Exercise: Check each line of the material that follows, and copy those holding the string "exists".

◇ ◇ ◇ ◇

(* Let $Y\subseteq\omega$ and let $X\subseteq\omega$ be $\Delta^0_2(Y)$. Then there is a sequence of structures $(\mathcal C_i)_{i\in\omega}$, uniformly computable in $Y$, such that for every $i\in\omega$, $\mathcal C_i\cong\mathcal S_0$ if $i\in X$ and $\mathcal C_i\cong\mathcal S_1$ if $i\notin X$.
   Context: Let $\mathcal S=(2^\omega,(F_\nu)_{\nu\in 2^{<\omega}},(R_\nu)_{\nu\in2^{<\omega}})$ where $F_\nu(\sigma)(x)=\sigma(x)+\nu(x)\bmod 2$ (with $\nu(x)=0$ for $x\ge|\nu|$) and $R_\nu(\sigma)$ holds iff $\nu$ is an initial segment of $\sigma$. Let $\hat{\mathcal S}_0$, $\hat{\mathcal S}_1$ be the substructures of $\mathcal S$ generated by the constant sequence $\bar0$, resp. $\bar1$, and let $\mathcal S_0,\mathcal S_1$ be their relational versions obtained by replacing each unary function $F_\nu$ by its graph, a binary relation $graph_{F_\nu}$. Structures have universe $\omega$. *)

theory Defs
  imports Main
begin

text \<open>A function of arity n is represented as nat list => nat; only its values
on lists of length n matter.\<close>

fun prec :: "(nat list \<Rightarrow> nat) \<Rightarrow> (nat list \<Rightarrow> nat) \<Rightarrow> nat list \<Rightarrow> nat" where
  "prec f g [] = 0"
| "prec f g (0 # xs) = f xs"
| "prec f g (Suc k # xs) = g (k # prec f g (k # xs) # xs)"

inductive recfn :: "nat set \<Rightarrow> nat \<Rightarrow> (nat list \<Rightarrow> nat) \<Rightarrow> bool" for Y :: "nat set" where
  zero: "recfn Y n (\<lambda>_. 0)"
| succ: "recfn Y 1 (\<lambda>xs. Suc (hd xs))"
| proj: "i < n \<Longrightarrow> recfn Y n (\<lambda>xs. xs ! i)"
| orac: "recfn Y 1 (\<lambda>xs. if hd xs \<in> Y then 1 else 0)"
| compose: "recfn Y m f \<Longrightarrow> length gs = m \<Longrightarrow> (\<forall>g\<in>set gs. recfn Y n g)
          \<Longrightarrow> recfn Y n (\<lambda>xs. f (map (\<lambda>g. g xs) gs))"
| prim_rec: "recfn Y n f \<Longrightarrow> recfn Y (Suc (Suc n)) g \<Longrightarrow> recfn Y (Suc n) (prec f g)"
| minimize: "recfn Y (Suc n) f \<Longrightarrow> (\<forall>xs. length xs = n \<longrightarrow> (\<exists>k. f (k # xs) = 0))
          \<Longrightarrow> recfn Y n (\<lambda>xs. LEAST k. f (k # xs) = 0)"
| extens: "recfn Y n f \<Longrightarrow> (\<forall>xs. length xs = n \<longrightarrow> g xs = f xs) \<Longrightarrow> recfn Y n g"

definition computable_rel :: "nat set \<Rightarrow> nat \<Rightarrow> (nat list \<Rightarrow> bool) \<Rightarrow> bool" where
  "computable_rel Y n P \<longleftrightarrow> recfn Y n (\<lambda>xs. if P xs then 1 else 0)"

definition Sigma2 :: "nat set \<Rightarrow> nat set \<Rightarrow> bool" where
  "Sigma2 Y X \<longleftrightarrow> (\<exists>R. computable_rel Y 3 R \<and>
      (\<forall>n. n \<in> X \<longleftrightarrow> (\<exists>a. \<forall>b. R [n, a, b])))"

definition Pi2 :: "nat set \<Rightarrow> nat set \<Rightarrow> bool" where
  "Pi2 Y X \<longleftrightarrow> Sigma2 Y (- X)"

definition Delta2 :: "nat set \<Rightarrow> nat set \<Rightarrow> bool" where
  "Delta2 Y X \<longleftrightarrow> Sigma2 Y X \<and> Pi2 Y X"

text \<open>Strings nu in 2^{<omega} are bool lists; sequences in 2^omega are nat => bool
  (True = 1).  Standard bijective coding of strings by natural numbers.\<close>

fun str_code :: "bool list \<Rightarrow> nat" where
  "str_code [] = 0"
| "str_code (b # bs) = 2 * str_code bs + (if b then 2 else 1)"

definition nu_val :: "bool list \<Rightarrow> nat \<Rightarrow> bool" where
  "nu_val \<nu> x \<longleftrightarrow> x < length \<nu> \<and> \<nu> ! x"

definition F :: "bool list \<Rightarrow> (nat \<Rightarrow> bool) \<Rightarrow> (nat \<Rightarrow> bool)" where
  "F \<nu> \<sigma> = (\<lambda>x. \<sigma> x \<noteq> nu_val \<nu> x)"

definition R :: "bool list \<Rightarrow> (nat \<Rightarrow> bool) \<Rightarrow> bool" where
  "R \<nu> \<sigma> \<longleftrightarrow> (\<forall>x < length \<nu>. \<sigma> x = \<nu> ! x)"

inductive_set gen :: "bool \<Rightarrow> (nat \<Rightarrow> bool) set" for b :: bool where
  base: "(\<lambda>_. b) \<in> gen b"
| step: "\<sigma> \<in> gen b \<Longrightarrow> F \<nu> \<sigma> \<in> gen b"

record 'a rstruct =
  univ :: "'a set"
  grel :: "bool list \<Rightarrow> 'a \<Rightarrow> 'a \<Rightarrow> bool"
  urel :: "bool list \<Rightarrow> 'a \<Rightarrow> bool"

text \<open>S_b: relational version of the substructure generated by the constant b
  (S_0 for b = False, S_1 for b = True).\<close>
definition S_rel :: "bool \<Rightarrow> (nat \<Rightarrow> bool) rstruct" where
  "S_rel b = \<lparr> univ = gen b,
              grel = (\<lambda>\<nu> \<sigma> \<tau>. \<sigma> \<in> gen b \<and> \<tau> \<in> gen b \<and> F \<nu> \<sigma> = \<tau>),
              urel = (\<lambda>\<nu> \<sigma>. \<sigma> \<in> gen b \<and> R \<nu> \<sigma>) \<rparr>"

definition rstruct_iso :: "'a rstruct \<Rightarrow> 'b rstruct \<Rightarrow> bool" where
  "rstruct_iso A B \<longleftrightarrow> (\<exists>h. bij_betw h (univ A) (univ B) \<and>
     (\<forall>\<nu>. \<forall>a\<in>univ A. \<forall>a'\<in>univ A. grel A \<nu> a a' \<longleftrightarrow> grel B \<nu> (h a) (h a')) \<and>
     (\<forall>\<nu>. \<forall>a\<in>univ A. urel A \<nu> a \<longleftrightarrow> urel B \<nu> (h a)))"

text \<open>A sequence of structures with universe omega is uniformly Y-computable if
  its atomic diagrams are uniformly Y-computable (equality on omega being trivially
  decidable).\<close>
definition unif_computable :: "nat set \<Rightarrow> (nat \<Rightarrow> nat rstruct) \<Rightarrow> bool" where
  "unif_computable Y C \<longleftrightarrow> (\<forall>i. univ (C i) = UNIV) \<and>
     (\<exists>P. computable_rel Y 4 P \<and>
        (\<forall>i \<nu> a a'. grel (C i) \<nu> a a' \<longleftrightarrow> P [i, str_code \<nu>, a, a'])) \<and>
     (\<exists>Q. computable_rel Y 3 Q \<and>
        (\<forall>i \<nu> a. urel (C i) \<nu> a \<longleftrightarrow> Q [i, str_code \<nu>, a]))"

end

theory Submission
  imports Defs
begin

text \<open>
  By the limit lemma, a set X that is Delta^0_2 in Y has a Y-computable approximation G
  with G i s = (i \<in> X) for all sufficiently large s.  In the structure C_i on \<omega> the
  number a stands for the sequence \<not> G i, flipped at the positions of the one-bits of a.
  These sequences are exactly the finite variants of \<not> G i; as \<not> G i is eventually
  constant with value (i \<notin> X), they are exactly the elements of the substructure of S
  generated by that constant sequence, so C_i is isomorphic to S_0 or S_1 as required.
  Both F_\<nu> and R_\<nu> only inspect finitely many positions of such a sequence, so the atomic
  diagram of C_i is decidable from G, uniformly in i.
\<close>

section \<open>Closure properties of Y-recursive functions and relations\<close>

context
  fixes Y :: "nat set"
begin

lemma recfn_ext:
  "recfn Y n f \<Longrightarrow> (\<And>xs. length xs = n \<Longrightarrow> g xs = f xs) \<Longrightarrow> recfn Y n g"
  using recfn.extens by blast

lemma recfn_compose:
  "recfn Y m f \<Longrightarrow> length gs = m \<Longrightarrow> (\<And>g. g \<in> set gs \<Longrightarrow> recfn Y n g)
   \<Longrightarrow> recfn Y n (\<lambda>xs. f (map (\<lambda>g. g xs) gs))"
  using recfn.compose by blast

lemma recfn_compose1:
  "recfn Y 1 f \<Longrightarrow> recfn Y n g \<Longrightarrow> recfn Y n (\<lambda>xs. f [g xs])"
  using recfn.compose[of Y 1 f "[g]" n] by auto

lemma recfn_compose2:
  "recfn Y 2 f \<Longrightarrow> recfn Y n g \<Longrightarrow> recfn Y n h \<Longrightarrow> recfn Y n (\<lambda>xs. f [g xs, h xs])"
  using recfn.compose[of Y 2 f "[g, h]" n] by auto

◇ ◇ ◇ ◇

Task output:
| minimize: "recfn Y (Suc n) f \<Longrightarrow> (\<forall>xs. length xs = n \<longrightarrow> (\<exists>k. f (k # xs) = 0))
  "Sigma2 Y X \<longleftrightarrow> (\<exists>R. computable_rel Y 3 R \<and>
      (\<forall>n. n \<in> X \<longleftrightarrow> (\<exists>a. \<forall>b. R [n, a, b])))"
  "rstruct_iso A B \<longleftrightarrow> (\<exists>h. bij_betw h (univ A) (univ B) \<and>
     (\<exists>P. computable_rel Y 4 P \<and>
     (\<exists>Q. computable_rel Y 3 Q \<and>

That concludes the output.